#### MATERIALS PROVIDED:

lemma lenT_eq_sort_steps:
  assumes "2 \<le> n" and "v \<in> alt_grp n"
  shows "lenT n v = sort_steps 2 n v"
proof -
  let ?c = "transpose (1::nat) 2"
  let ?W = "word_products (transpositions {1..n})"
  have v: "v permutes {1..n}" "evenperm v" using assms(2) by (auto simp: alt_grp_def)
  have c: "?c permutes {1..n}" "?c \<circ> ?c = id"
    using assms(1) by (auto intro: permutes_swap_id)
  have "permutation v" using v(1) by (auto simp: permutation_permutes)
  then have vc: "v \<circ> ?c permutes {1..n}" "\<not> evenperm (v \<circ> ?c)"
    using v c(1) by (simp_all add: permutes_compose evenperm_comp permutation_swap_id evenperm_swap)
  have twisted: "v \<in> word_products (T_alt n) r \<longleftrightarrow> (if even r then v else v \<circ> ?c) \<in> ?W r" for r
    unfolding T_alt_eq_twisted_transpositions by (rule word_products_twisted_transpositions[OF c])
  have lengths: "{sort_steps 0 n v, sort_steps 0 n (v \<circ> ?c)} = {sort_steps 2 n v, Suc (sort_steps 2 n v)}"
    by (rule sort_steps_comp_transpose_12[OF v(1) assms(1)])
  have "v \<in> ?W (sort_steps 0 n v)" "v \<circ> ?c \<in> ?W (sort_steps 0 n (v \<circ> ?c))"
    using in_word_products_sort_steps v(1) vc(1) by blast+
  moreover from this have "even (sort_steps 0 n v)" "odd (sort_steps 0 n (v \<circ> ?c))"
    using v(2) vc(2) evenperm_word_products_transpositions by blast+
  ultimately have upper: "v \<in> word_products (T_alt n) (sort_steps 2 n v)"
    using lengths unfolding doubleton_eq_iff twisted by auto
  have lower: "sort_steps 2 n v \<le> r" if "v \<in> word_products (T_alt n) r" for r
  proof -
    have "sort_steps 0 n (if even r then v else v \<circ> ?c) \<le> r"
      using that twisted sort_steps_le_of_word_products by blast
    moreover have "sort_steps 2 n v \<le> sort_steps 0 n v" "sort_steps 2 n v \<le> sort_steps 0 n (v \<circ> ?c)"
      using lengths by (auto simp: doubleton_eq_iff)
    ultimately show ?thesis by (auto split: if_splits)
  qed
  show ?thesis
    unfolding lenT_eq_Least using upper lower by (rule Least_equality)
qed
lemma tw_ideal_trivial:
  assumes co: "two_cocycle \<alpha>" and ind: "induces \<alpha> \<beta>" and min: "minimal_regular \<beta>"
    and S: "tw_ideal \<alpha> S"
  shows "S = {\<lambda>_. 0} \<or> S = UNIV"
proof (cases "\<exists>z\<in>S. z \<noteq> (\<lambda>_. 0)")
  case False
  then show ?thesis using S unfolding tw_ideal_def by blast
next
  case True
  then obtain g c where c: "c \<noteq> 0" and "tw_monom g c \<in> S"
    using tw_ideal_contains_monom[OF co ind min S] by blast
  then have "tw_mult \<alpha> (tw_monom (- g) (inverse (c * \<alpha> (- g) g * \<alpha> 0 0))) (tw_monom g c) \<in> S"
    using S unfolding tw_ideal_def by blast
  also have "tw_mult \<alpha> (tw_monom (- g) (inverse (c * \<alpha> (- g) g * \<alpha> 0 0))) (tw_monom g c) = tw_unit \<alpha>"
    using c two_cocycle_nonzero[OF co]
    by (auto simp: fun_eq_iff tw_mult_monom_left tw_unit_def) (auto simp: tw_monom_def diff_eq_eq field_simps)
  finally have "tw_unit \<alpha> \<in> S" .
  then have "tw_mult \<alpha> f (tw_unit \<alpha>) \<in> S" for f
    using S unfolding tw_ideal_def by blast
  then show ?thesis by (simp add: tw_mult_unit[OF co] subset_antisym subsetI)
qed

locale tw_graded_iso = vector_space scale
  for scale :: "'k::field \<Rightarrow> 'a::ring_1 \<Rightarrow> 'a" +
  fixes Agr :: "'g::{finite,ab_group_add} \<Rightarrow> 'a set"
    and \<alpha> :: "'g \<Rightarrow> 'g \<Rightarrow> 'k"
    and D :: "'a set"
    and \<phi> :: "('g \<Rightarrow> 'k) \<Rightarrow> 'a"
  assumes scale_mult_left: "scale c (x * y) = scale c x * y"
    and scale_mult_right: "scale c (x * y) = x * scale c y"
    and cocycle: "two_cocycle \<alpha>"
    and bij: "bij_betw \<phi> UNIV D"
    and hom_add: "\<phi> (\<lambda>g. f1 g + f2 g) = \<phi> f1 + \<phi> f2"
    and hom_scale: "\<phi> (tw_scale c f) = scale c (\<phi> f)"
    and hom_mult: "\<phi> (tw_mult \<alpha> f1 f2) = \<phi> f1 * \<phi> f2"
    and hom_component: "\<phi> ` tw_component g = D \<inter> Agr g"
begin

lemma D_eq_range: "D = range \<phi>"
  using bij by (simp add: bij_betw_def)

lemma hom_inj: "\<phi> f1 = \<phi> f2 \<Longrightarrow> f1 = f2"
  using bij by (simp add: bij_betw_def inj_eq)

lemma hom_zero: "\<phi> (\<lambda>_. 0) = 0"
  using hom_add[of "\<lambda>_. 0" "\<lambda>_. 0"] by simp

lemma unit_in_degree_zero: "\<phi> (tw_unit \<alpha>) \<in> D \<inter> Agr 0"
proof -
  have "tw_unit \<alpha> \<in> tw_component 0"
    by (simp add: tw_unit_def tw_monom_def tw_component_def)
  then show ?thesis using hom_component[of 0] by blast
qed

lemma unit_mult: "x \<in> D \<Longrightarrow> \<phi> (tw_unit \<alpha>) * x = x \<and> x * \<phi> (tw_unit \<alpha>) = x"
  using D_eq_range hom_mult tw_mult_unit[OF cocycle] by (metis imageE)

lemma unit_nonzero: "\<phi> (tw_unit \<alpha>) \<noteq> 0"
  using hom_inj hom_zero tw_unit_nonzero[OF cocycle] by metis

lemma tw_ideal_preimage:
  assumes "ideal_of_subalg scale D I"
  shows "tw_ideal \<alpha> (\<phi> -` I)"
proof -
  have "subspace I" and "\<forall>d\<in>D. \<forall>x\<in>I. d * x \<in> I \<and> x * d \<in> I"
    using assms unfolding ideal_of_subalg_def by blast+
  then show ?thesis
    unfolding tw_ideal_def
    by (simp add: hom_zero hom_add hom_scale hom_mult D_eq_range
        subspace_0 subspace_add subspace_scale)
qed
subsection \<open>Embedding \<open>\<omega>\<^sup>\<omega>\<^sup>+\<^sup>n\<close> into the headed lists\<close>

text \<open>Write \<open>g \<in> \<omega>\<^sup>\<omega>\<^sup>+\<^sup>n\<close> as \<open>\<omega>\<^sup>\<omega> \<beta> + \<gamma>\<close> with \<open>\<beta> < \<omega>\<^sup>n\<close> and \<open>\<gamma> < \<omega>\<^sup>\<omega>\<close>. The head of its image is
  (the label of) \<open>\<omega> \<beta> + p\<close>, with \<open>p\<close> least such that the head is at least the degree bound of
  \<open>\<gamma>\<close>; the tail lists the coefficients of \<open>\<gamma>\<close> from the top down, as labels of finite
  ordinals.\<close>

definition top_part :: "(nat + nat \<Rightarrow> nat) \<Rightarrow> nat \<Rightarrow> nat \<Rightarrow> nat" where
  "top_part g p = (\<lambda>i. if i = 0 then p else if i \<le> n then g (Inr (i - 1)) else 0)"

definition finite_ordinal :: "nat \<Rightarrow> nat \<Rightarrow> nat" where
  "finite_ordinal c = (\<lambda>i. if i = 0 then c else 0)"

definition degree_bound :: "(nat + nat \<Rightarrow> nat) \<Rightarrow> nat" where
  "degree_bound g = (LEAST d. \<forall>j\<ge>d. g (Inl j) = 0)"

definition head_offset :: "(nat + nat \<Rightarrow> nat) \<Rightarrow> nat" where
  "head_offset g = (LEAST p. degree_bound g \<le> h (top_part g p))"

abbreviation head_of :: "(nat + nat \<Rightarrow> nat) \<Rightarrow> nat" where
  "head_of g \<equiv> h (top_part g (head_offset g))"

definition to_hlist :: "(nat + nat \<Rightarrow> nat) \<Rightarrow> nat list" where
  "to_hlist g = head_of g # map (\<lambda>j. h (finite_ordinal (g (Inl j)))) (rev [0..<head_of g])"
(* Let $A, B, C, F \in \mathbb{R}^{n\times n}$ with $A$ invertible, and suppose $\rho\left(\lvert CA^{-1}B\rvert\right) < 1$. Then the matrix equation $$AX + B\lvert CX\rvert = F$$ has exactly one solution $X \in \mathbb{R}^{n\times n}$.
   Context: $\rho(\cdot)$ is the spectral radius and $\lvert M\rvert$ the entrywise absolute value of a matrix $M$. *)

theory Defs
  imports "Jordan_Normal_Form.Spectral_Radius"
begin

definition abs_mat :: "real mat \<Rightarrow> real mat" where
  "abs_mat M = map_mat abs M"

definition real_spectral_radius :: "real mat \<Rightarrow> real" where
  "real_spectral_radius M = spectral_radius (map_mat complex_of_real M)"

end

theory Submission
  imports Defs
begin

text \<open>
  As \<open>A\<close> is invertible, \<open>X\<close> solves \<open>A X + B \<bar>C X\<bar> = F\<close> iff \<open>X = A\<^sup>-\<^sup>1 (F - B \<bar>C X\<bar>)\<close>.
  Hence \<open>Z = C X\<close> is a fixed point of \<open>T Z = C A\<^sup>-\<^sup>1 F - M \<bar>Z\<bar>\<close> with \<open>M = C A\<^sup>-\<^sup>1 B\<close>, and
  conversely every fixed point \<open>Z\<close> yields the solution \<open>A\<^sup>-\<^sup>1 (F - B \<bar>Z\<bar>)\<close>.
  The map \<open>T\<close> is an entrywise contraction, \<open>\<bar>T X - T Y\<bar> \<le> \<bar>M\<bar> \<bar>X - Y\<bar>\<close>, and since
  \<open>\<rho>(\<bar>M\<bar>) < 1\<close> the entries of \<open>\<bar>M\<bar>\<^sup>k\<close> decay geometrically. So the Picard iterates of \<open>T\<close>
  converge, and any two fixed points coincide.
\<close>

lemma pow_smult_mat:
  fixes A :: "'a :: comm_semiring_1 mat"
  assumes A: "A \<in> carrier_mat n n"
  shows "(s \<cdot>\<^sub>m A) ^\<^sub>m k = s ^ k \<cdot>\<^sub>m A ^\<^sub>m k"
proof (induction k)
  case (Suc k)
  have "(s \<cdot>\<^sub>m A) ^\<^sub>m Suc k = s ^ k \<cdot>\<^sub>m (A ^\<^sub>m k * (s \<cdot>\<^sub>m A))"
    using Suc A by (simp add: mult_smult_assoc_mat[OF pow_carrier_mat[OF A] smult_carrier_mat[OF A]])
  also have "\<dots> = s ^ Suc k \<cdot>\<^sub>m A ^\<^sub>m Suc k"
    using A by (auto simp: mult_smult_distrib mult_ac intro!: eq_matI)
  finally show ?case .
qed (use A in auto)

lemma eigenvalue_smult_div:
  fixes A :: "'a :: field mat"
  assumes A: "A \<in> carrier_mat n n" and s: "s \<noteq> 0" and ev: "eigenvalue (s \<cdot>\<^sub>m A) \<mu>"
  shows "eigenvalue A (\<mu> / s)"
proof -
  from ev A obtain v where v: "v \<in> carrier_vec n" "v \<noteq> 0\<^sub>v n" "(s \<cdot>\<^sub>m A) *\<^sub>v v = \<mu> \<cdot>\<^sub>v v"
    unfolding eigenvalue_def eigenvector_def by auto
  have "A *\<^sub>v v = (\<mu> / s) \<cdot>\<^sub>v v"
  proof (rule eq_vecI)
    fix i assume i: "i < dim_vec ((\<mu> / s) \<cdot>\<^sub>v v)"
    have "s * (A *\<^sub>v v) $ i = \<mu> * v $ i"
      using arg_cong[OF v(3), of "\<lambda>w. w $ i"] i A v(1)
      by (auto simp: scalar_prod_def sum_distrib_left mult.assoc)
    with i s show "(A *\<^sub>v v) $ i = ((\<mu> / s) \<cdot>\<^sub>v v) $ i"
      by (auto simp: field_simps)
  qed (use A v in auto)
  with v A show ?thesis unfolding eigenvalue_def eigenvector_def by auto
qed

#### DIRECTIONS:
What lines in the material above include "also"? Copy every one of them.

#### COMPLETED EXERCISE:
  also have "tw_mult \<alpha> (tw_monom (- g) (inverse (c * \<alpha> (- g) g * \<alpha> 0 0))) (tw_monom g c) = tw_unit \<alpha>"
  also have "\<dots> = s ^ Suc k \<cdot>\<^sub>m A ^\<^sub>m Suc k"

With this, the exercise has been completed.